Daryl @ Sat Feb 21 said:


> Here's an example of a track that whilst it possibly has a kind of swing, it is certainly not a waltz.
> 
> https://soundcloud.com/maestrodaz/count ... ty/s-XMmjL
> 
> D



So nice! Thanks for sharing, Daryl!


----------



## madbulk (Feb 20, 2015)

Kind of swing, how?


----------



## germancomponist (Feb 20, 2015)

madbulk @ Sat Feb 21 said:


> Kind of swing, how?



Visit a german beer tent and "schunkel"! :mrgreen:


----------



## Daryl (Feb 20, 2015)

madbulk @ Sat Feb 21 said:


> Kind of swing, how?


By virtue of syncopation, not by any kind of groove.

D


----------



## Daryl (Feb 20, 2015)

germancomponist @ Sat Feb 21 said:


> Daryl @ Sat Feb 21 said:
> 
> 
> > Here's an example of a track that whilst it possibly has a kind of swing, it is certainly not a waltz.
> ...


Glad you like it.

D


----------



## Hannes_F (Feb 20, 2015)

Very nice Daryl, love it!


----------



## AR (Feb 21, 2015)

I don't write in 3/4 but 6/8 or 12/8 which are both kind of "3/4 - 4/4" hybrids, I very much do. Nothing beats a fast pacing drive of a 6/8 or 12/8 count in a action scene. Nothing. Nada. I tried everything 7/8, 5/8, 11/8, 4/4, nothing can beat the drive.


----------



## Arbee (Feb 21, 2015)

Daryl @ Sat Feb 21 said:


> Here's an example of a track that whilst it possibly has a kind of swing, it is certainly not a waltz.
> 
> https://soundcloud.com/maestrodaz/count ... ty/s-XMmjL
> 
> D


Beautiful Daryl, thanks for sharing.

.


----------



## Christof (Feb 21, 2015)

I posted this some time ago,

http://www.vi-control.net/forum/viewtopic.php?t=41213


----------



## Saxer (Feb 21, 2015)

Daryl @ Sat Feb 21 said:


> Here's an example of a track that whilst it possibly has a kind of swing, it is certainly not a waltz.
> 
> https://soundcloud.com/maestrodaz/count ... ty/s-XMmjL
> 
> D


yepp, beautiful!


----------



## Vlzmusic (Feb 21, 2015)

As a music student, I was told to treat time signatures as ways to transcribe what you hear inside, and not to write by them. Usually there are at least 2 ways to transcribe each piece of music in different time signatures - depends on interpretation and chosen accents.


----------



## AC986 (Feb 21, 2015)

Wow Daryl that was a rare treat!

I generally do a lot of tracks in 3/4 or 6/8. I tend to think in dotted crotchets, so I almost get a hybrid 2/4 feel in my head.


----------



## Nick Batzdorf (Feb 21, 2015)

My first sequencer was a Yamaha QX-21, which could only edit whole bars. So I recorded everything in 1/4.
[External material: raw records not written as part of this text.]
lemma play_eqI:
  assumes "prefix (length \<gamma>) p = \<gamma>" and "\<And>n. length \<gamma> \<le> n \<Longrightarrow> p n = \<sigma> (prefix n p)"
  shows "p = play \<gamma> \<sigma>"
proof -
  have "prefix n p = prefix n (play \<gamma> \<sigma>)" for n
  proof (induction n)
    case (Suc n)
    have "p n = play \<gamma> \<sigma> n"
    proof (cases "n < length \<gamma>")
      case True
      then show ?thesis
        using assms(1) prefix_length_play by (metis nth_prefix)
    next
      case False
      with assms(2)[of n] Suc show ?thesis
        by (simp add: play_beyond_history)
    qed
    with Suc show ?case by simp
  qed simp
  then show ?thesis
    by (metis ext lessI nth_prefix)
qed

lemma wl_play_eqI:
  assumes "\<And>n. prefix n \<alpha> \<in> D \<Longrightarrow> \<alpha> n = s1 (prefix n \<alpha>)"
    and "\<And>n. prefix n \<alpha> \<notin> D \<Longrightarrow> \<alpha> n = s2 (prefix n \<alpha>)"
  shows "\<alpha> = wl_play D s1 s2"
  unfolding wl_play_def by (rule play_eqI) (simp_all add: assms)

definition consistent ::
  "('c list \<Rightarrow> player) \<Rightarrow> player \<Rightarrow> ('c list \<Rightarrow> 'c) \<Rightarrow> 'c list \<Rightarrow> (nat \<Rightarrow> 'c) \<Rightarrow> bool" where
  "consistent d X s \<gamma> p \<longleftrightarrow>
     prefix (length \<gamma>) p = \<gamma> \<and> (\<forall>n \<ge> length \<gamma>. d (prefix n p) = X \<longrightarrow> p n = s (prefix n p))"

definition secures ::
  "('c list \<Rightarrow> player) \<Rightarrow> ((nat \<Rightarrow> 'c) \<Rightarrow> 'o::linorder) \<Rightarrow> player \<Rightarrow> ('c list \<Rightarrow> 'c) \<Rightarrow> 'c list \<Rightarrow> 'o \<Rightarrow> bool"
  where "secures d v X s \<gamma> x \<longleftrightarrow> (\<forall>p. consistent d X s \<gamma> p \<longrightarrow> \<not> prefers X (v p) x)"

definition extends_following ::
  "('c list \<Rightarrow> player) \<Rightarrow> player \<Rightarrow> ('c list \<Rightarrow> 'c) \<Rightarrow> 'c list \<Rightarrow> 'c list \<Rightarrow> bool" where
  "extends_following d X s h h' \<longleftrightarrow>
     take (length h) h' = h \<and> length h \<le> length h' \<and>
     (\<forall>k. length h \<le> k \<and> k < length h' \<and> d (take k h') = X \<longrightarrow> h' ! k = s (take k h'))"

lemma prefers_irrefl: "\<not> prefers X x x"
  by (cases X) simp_all

lemma prefers_trans: "prefers X x y \<Longrightarrow> prefers X y z \<Longrightarrow> prefers X x z"
  by (cases X) simp_all

lemma prefers_asym: "prefers X x y \<Longrightarrow> \<not> prefers X y x"
  by (cases X) simp_all

lemma not_prefers_trans: "\<not> prefers X x y \<Longrightarrow> \<not> prefers X y z \<Longrightarrow> \<not> prefers X x z"
  by (cases X) simp_all

lemma prefers_linear: "x \<noteq> y \<Longrightarrow> \<not> prefers X y x \<Longrightarrow> prefers X x y"
  by (cases X) auto

lemma play_consistent: "(\<And>h. d h = X \<Longrightarrow> \<sigma> h = s h) \<Longrightarrow> consistent d X s \<gamma> (play \<gamma> \<sigma>)"
  unfolding consistent_def by (simp add: prefix_length_play play_beyond_history)

lemma consistent_common_play: "\<exists>p. consistent d PA s \<gamma> p \<and> consistent d PB t \<gamma> p"
  by (rule exI[of _ "play \<gamma> (\<lambda>h. if d h = PA then s h else t h)"]) (auto intro!: play_consistent)

lemma secured_values_ordered:
  assumes "secures d v PA s \<gamma> x" and "secures d v PB t \<gamma> y"
  shows "x \<le> y"
proof -
  obtain p where "consistent d PA s \<gamma> p" "consistent d PB t \<gamma> p"
    using consistent_common_play by blast
  with assms show ?thesis
    unfolding secures_def by (meson not_le order.trans prefers.simps)
qed

lemma extends_following_refl: "extends_following d X s h h"
  by (auto simp: extends_following_def)

lemma extends_following_snoc:
  assumes "extends_following d X s h h'" and "d h' = X \<Longrightarrow> c = s h'"
  shows "extends_following d X s h (h' @ [c])"
  using assms unfolding extends_following_def
  by (auto simp: nth_append less_Suc_eq)

lemma consistent_restart:
  assumes "consistent d X s h' q" and "extends_following d X s h h'"
  shows "consistent d X s h q"
  unfolding consistent_def
proof (intro conjI allI impI)
  have "length h \<le> length h'" "take (length h) h' = h"
    using assms(2) unfolding extends_following_def by simp_all
  then show "prefix (length h) q = h"
    using assms(1) unfolding consistent_def by (metis take_prefix)
next
  fix k assume k: "length h \<le> k" "d (prefix k q) = X"
  show "q k = s (prefix k q)"
  proof (cases "k < length h'")
    case True
    then have "take k h' = prefix k q" "h' ! k = q k"
      using assms(1) unfolding consistent_def by (metis take_prefix less_imp_le, metis nth_prefix)
    with True k assms(2) show ?thesis
      unfolding extends_following_def by metis
  next
    case False
    with k assms(1) show ?thesis
      unfolding consistent_def by simp
  qed
qed

lemma secures_extension:
  "secures d v X s h x \<Longrightarrow> extends_following d X s h h' \<Longrightarrow> secures d v X s h' x"
  unfolding secures_def using consistent_restart by blast

lemma consistentI_eventually:
  assumes "\<And>m. N \<le> m \<Longrightarrow> extends_following d X s h (prefix m p)"
  shows "consistent d X s h p"
  unfolding consistent_def
proof (intro conjI allI impI)
  let ?m = "max N (length h)"
  show "prefix (length h) p = h"
    using assms[of ?m] unfolding extends_following_def by simp
next
  fix k assume k: "length h \<le> k" "d (prefix k p) = X"
  let ?m = "max N (Suc k)"
  show "p k = s (prefix k p)"
    using assms[of ?m] k unfolding extends_following_def by simp
qed

section \<open>Determinacy of threshold games\<close>

lemma consistent_shifted:
  assumes "consistent d X (\<lambda>h. s (drop (length \<gamma>) h)) \<gamma> p"
  shows "conc \<gamma> (suffix (length \<gamma>) p) = p"
    and "d (\<gamma> @ prefix n (suffix (length \<gamma>) p)) = X \<Longrightarrow>
           suffix (length \<gamma>) p n = s (prefix n (suffix (length \<gamma>) p))"
proof -
  have \<gamma>: "prefix (length \<gamma>) p = \<gamma>"
    using assms unfolding consistent_def by simp
  then show "conc \<gamma> (suffix (length \<gamma>) p) = p"
    using conc_prefix_suffix by metis
  have split: "prefix (length \<gamma> + n) p = \<gamma> @ prefix n (suffix (length \<gamma>) p)"
    using \<gamma> by (simp add: prefix_add)
  assume "d (\<gamma> @ prefix n (suffix (length \<gamma>) p)) = X"
  then have "p (length \<gamma> + n) = s (drop (length \<gamma>) (prefix (length \<gamma> + n) p))"
    using assms split unfolding consistent_def by simp
  then show "suffix (length \<gamma>) p n = s (prefix n (suffix (length \<gamma>) p))"
    unfolding split by (simp add: suffix_def)
qed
After a few weeks I pretty much stopped hearing things in even meters - almost everything I wrote was asymmetrical.


----------



## Daryl (Feb 21, 2015)

Nick Batzdorf @ Sat Feb 21 said:


> My first sequencer was a Yamaha QX-21, which could only edit whole bars. So I recorded everything in 1/4.
> 
> After a few weeks I pretty much stopped hearing things in even meters - almost everything I wrote was asymmetrical.


That can be a very good plan. I've worked for film composers who write everything in 1/8, and leave it up to the orchestrator how to re-bar things. Actually I've worked for people who don't even switch the click on, but that's a whole other ball game. :wink: 

D


----------



## zacnelson (Feb 21, 2015)

AR @ Sat Feb 21 said:


> I don't write in 3/4 but 6/8 or 12/8 which are both kind of "3/4 - 4/4" hybrids, I very much do. Nothing beats a fast pacing drive of a 6/8 or 12/8 count in a action scene. Nothing. Nada. I tried everything 7/8, 5/8, 11/8, 4/4, nothing can beat the drive.



Would you be able to post some examples? It's very interesting to a non-trained person like myself!


----------



## AC986 (Feb 22, 2015)

zacnelson @ Sat Feb 21 said:


> Would you be able to post some examples? It's very interesting to a non-trained person like myself!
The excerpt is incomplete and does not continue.